[Start of Attachment]

(* For $n\in\mathbb Z$ let $A_n=\{a\in A:\rho^{\mathbb K}_\theta(a)=e^{in\theta}a\ \forall\theta\}$ and $B_n=\{b\in B:\rho^{\mathbb L}_\theta(b)=e^{in\theta}b\ \forall\theta\}$. Then $A_n=\{U^n(\alpha(\mathbb{K})+M^+_f):\alpha\in c_0(\mathbb{Z}_{\ge0}),f\in C(G)\}$ for $n\ge0$, and $A_n=\{(\alpha(\mathbb{K})+M^+_f)(U^* )^{-n}:\alpha\in c_0(\mathbb{Z}_{\ge0}),f\in C(G)\}$ for $n<0$; and $B_n=\{V^nM_f: f\in C(G)\}$ for $n\ge0$, $B_n=\{M_fV^n:f\in C(G)\}$ for $n<0$.
   Context: Setup: $G$ is an infinite compact (Hausdorff) abelian group, written additively, and $x_1\in G$ generates a dense cyclic subgroup; $x_n=nx_1$. $H=\ell^2(\mathbb{Z})$ with basis $\{E_l\}$, $H_+=\ell^2(\mathbb{Z}_{\ge0})$ with basis $\{E^+_k\}$; $VE_l=E_{l+1}$, $UE_k^+=E_{k+1}^+$, $M_fE_l=f(x_l)E_l$, $M^+_fE^+_k=f(x_k)E^+_k$, $\mathbb{K}E_k^+=kE_k^+$, $\mathbb{L}E_l=lE_l$, and $\alpha(\mathbb{K})E_k^+=\alpha(k)E_k^+$ for a bounded sequence $\alpha$. $A=C^*(U,M^+_f:f\in C(G))$, $B=C^*(V,M_f:f\in C(G))$. $\rho^{\mathbb K}_\theta(a)=e^{i\theta\mathbb{K}}ae^{-i\theta\mathbb{K}}$ and $\rho^{\mathbb L}_\theta(b)=e^{i\theta\mathbb{L}}be^{-i\theta\mathbb{L}}$ for $\theta\in\mathbb R$ (these preserve $A$ and $B$ respectively). *)

theory Defs
  imports "HOL-Analysis.Analysis"
begin

text \<open>Bounded operators on l2(I) (I = int or nat) are represented by their matrices
  m i j = <E_i, T E_j>.  Everything below is expressed on matrices.\<close>

type_synonym 'i mat = "'i \<Rightarrow> 'i \<Rightarrow> complex"

definition bilin_vals :: "'i mat \<Rightarrow> real set" where
  "bilin_vals m = {cmod (\<Sum>i\<in>F. \<Sum>j\<in>F. cnj (y i) * m i j * x j) | F x y.
      finite F \<and> (\<Sum>j\<in>F. (cmod (x j))\<^sup>2) \<le> 1 \<and> (\<Sum>i\<in>F. (cmod (y i))\<^sup>2) \<le> 1}"

definition bounded_mat :: "'i mat \<Rightarrow> bool" where
  "bounded_mat m \<longleftrightarrow> bdd_above (bilin_vals m)"

definition opnorm :: "'i mat \<Rightarrow> real" where
  "opnorm m = Sup (bilin_vals m)"

definition mat_add :: "'i mat \<Rightarrow> 'i mat \<Rightarrow> 'i mat" where
  "mat_add a b = (\<lambda>i j. a i j + b i j)"

definition mat_scale :: "complex \<Rightarrow> 'i mat \<Rightarrow> 'i mat" where
  "mat_scale c a = (\<lambda>i j. c * a i j)"

definition mat_mult :: "'i mat \<Rightarrow> 'i mat \<Rightarrow> 'i mat" where
  "mat_mult a b = (\<lambda>i j. infsum (\<lambda>k. a i k * b k j) UNIV)"

definition mat_adj :: "'i mat \<Rightarrow> 'i mat" where
  "mat_adj a = (\<lambda>i j. cnj (a j i))"

definition diag_mat :: "('i \<Rightarrow> complex) \<Rightarrow> 'i mat" where
  "diag_mat d = (\<lambda>i j. if i = j then d i else 0)"

definition mat_id :: "'i mat" where
  "mat_id = diag_mat (\<lambda>_. 1)"

primrec mat_pow :: "'i mat \<Rightarrow> nat \<Rightarrow> 'i mat" where
  "mat_pow m 0 = mat_id"
| "mat_pow m (Suc n) = mat_mult m (mat_pow m n)"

[End of Attachment]

Try it:
Filter the records for the word "mathbb" and show every line that has it.

Problem solution:
(* For $n\in\mathbb Z$ let $A_n=\{a\in A:\rho^{\mathbb K}_\theta(a)=e^{in\theta}a\ \forall\theta\}$ and $B_n=\{b\in B:\rho^{\mathbb L}_\theta(b)=e^{in\theta}b\ \forall\theta\}$. Then $A_n=\{U^n(\alpha(\mathbb{K})+M^+_f):\alpha\in c_0(\mathbb{Z}_{\ge0}),f\in C(G)\}$ for $n\ge0$, and $A_n=\{(\alpha(\mathbb{K})+M^+_f)(U^* )^{-n}:\alpha\in c_0(\mathbb{Z}_{\ge0}),f\in C(G)\}$ for $n<0$; and $B_n=\{V^nM_f: f\in C(G)\}$ for $n\ge0$, $B_n=\{M_fV^n:f\in C(G)\}$ for $n<0$.
   Context: Setup: $G$ is an infinite compact (Hausdorff) abelian group, written additively, and $x_1\in G$ generates a dense cyclic subgroup; $x_n=nx_1$. $H=\ell^2(\mathbb{Z})$ with basis $\{E_l\}$, $H_+=\ell^2(\mathbb{Z}_{\ge0})$ with basis $\{E^+_k\}$; $VE_l=E_{l+1}$, $UE_k^+=E_{k+1}^+$, $M_fE_l=f(x_l)E_l$, $M^+_fE^+_k=f(x_k)E^+_k$, $\mathbb{K}E_k^+=kE_k^+$, $\mathbb{L}E_l=lE_l$, and $\alpha(\mathbb{K})E_k^+=\alpha(k)E_k^+$ for a bounded sequence $\alpha$. $A=C^*(U,M^+_f:f\in C(G))$, $B=C^*(V,M_f:f\in C(G))$. $\rho^{\mathbb K}_\theta(a)=e^{i\theta\mathbb{K}}ae^{-i\theta\mathbb{K}}$ and $\rho^{\mathbb L}_\theta(b)=e^{i\theta\mathbb{L}}be^{-i\theta\mathbb{L}}$ for $\theta\in\mathbb R$ (these preserve $A$ and $B$ respectively). *)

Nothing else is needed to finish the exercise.